EXERCISE: Scan the following material for the string "definition" and copy each line in which it appears.

RECORDS FOR THE EXERCISE:

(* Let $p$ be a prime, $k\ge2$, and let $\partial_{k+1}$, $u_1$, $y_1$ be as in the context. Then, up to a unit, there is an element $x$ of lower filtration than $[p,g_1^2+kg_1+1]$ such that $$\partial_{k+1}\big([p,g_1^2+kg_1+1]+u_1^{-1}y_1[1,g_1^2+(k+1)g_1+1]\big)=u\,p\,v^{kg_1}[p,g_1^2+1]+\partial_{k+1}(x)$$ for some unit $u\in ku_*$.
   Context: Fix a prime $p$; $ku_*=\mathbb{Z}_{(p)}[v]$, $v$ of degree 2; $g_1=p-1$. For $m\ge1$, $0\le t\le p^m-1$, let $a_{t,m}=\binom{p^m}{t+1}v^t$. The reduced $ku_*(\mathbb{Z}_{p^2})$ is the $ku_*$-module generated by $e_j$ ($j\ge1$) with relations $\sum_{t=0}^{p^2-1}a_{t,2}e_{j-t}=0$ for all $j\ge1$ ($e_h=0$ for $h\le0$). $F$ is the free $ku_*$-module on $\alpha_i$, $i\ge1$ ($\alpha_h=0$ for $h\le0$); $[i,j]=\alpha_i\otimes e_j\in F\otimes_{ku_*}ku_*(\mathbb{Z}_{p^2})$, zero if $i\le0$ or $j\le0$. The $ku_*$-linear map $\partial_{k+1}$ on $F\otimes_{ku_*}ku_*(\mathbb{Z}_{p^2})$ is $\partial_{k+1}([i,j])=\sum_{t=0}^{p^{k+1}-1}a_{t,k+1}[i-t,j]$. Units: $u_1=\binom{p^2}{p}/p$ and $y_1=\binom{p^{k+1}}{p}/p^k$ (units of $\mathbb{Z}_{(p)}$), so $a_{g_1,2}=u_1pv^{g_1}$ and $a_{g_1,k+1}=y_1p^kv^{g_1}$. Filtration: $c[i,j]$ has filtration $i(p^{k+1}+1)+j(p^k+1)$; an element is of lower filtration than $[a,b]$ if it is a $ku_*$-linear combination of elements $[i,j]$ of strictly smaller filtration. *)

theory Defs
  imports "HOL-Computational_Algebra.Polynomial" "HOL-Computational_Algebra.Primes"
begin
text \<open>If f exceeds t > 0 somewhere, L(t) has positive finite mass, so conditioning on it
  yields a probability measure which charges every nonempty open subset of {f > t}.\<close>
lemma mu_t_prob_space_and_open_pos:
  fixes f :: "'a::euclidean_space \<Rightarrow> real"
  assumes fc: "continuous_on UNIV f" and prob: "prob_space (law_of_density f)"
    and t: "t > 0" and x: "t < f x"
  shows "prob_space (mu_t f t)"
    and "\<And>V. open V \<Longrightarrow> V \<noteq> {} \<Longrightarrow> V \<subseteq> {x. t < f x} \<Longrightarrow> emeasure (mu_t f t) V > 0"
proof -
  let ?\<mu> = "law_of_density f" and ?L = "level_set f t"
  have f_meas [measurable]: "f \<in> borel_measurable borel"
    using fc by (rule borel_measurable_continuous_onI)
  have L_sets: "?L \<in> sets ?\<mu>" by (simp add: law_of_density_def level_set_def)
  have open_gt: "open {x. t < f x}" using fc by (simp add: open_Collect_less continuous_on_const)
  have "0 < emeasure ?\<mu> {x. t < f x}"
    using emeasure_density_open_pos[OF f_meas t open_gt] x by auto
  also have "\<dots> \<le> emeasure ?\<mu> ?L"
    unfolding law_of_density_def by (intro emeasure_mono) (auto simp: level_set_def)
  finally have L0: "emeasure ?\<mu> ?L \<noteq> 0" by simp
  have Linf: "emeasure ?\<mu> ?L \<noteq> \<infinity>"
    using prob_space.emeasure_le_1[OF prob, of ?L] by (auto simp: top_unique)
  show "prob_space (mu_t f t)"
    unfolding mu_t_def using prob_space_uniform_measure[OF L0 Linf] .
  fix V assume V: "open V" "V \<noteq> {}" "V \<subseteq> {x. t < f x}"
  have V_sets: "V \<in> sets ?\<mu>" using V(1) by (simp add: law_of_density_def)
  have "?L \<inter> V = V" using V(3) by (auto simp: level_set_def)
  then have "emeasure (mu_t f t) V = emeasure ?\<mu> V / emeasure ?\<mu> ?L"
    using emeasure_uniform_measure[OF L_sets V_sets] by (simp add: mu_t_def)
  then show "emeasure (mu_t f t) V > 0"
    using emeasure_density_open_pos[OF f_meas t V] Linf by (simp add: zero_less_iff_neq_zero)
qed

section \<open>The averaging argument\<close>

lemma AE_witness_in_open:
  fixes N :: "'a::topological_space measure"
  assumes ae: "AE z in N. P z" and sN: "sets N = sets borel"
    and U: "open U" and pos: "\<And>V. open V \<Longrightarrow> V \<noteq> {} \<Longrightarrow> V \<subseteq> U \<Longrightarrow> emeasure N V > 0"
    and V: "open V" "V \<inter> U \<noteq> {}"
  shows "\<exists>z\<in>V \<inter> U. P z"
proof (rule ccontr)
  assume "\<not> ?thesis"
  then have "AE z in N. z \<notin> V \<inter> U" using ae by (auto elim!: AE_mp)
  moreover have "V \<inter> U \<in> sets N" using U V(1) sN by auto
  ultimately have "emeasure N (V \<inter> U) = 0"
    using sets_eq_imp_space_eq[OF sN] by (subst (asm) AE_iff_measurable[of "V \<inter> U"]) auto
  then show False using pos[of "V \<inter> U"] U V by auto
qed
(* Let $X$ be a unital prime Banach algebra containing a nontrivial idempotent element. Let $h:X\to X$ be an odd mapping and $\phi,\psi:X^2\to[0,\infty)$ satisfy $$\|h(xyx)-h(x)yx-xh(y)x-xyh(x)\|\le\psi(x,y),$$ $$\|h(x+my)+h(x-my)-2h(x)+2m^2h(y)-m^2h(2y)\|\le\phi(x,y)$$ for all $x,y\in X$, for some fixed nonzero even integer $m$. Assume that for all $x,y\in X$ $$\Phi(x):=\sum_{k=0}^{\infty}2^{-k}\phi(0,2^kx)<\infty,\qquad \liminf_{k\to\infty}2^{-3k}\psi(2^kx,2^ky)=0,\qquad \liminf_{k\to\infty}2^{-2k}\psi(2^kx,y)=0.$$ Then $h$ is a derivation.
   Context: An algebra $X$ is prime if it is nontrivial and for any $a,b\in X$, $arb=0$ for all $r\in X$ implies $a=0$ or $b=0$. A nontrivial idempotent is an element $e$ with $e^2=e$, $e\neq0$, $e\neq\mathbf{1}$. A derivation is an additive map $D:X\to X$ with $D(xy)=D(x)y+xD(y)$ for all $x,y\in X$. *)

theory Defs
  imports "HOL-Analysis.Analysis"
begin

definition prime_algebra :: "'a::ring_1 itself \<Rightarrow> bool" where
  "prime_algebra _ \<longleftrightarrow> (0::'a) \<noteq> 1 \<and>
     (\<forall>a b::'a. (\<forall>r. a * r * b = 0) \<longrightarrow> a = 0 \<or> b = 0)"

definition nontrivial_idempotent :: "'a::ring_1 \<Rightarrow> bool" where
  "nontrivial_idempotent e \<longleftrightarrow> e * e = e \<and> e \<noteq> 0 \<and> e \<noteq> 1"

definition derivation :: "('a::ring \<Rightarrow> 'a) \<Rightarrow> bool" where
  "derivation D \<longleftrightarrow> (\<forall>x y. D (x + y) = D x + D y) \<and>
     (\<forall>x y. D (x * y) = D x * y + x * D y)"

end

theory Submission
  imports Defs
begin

WRITTEN ANSWER:
definition prime_algebra :: "'a::ring_1 itself \<Rightarrow> bool" where
definition nontrivial_idempotent :: "'a::ring_1 \<Rightarrow> bool" where
definition derivation :: "('a::ring \<Rightarrow> 'a) \<Rightarrow> bool" where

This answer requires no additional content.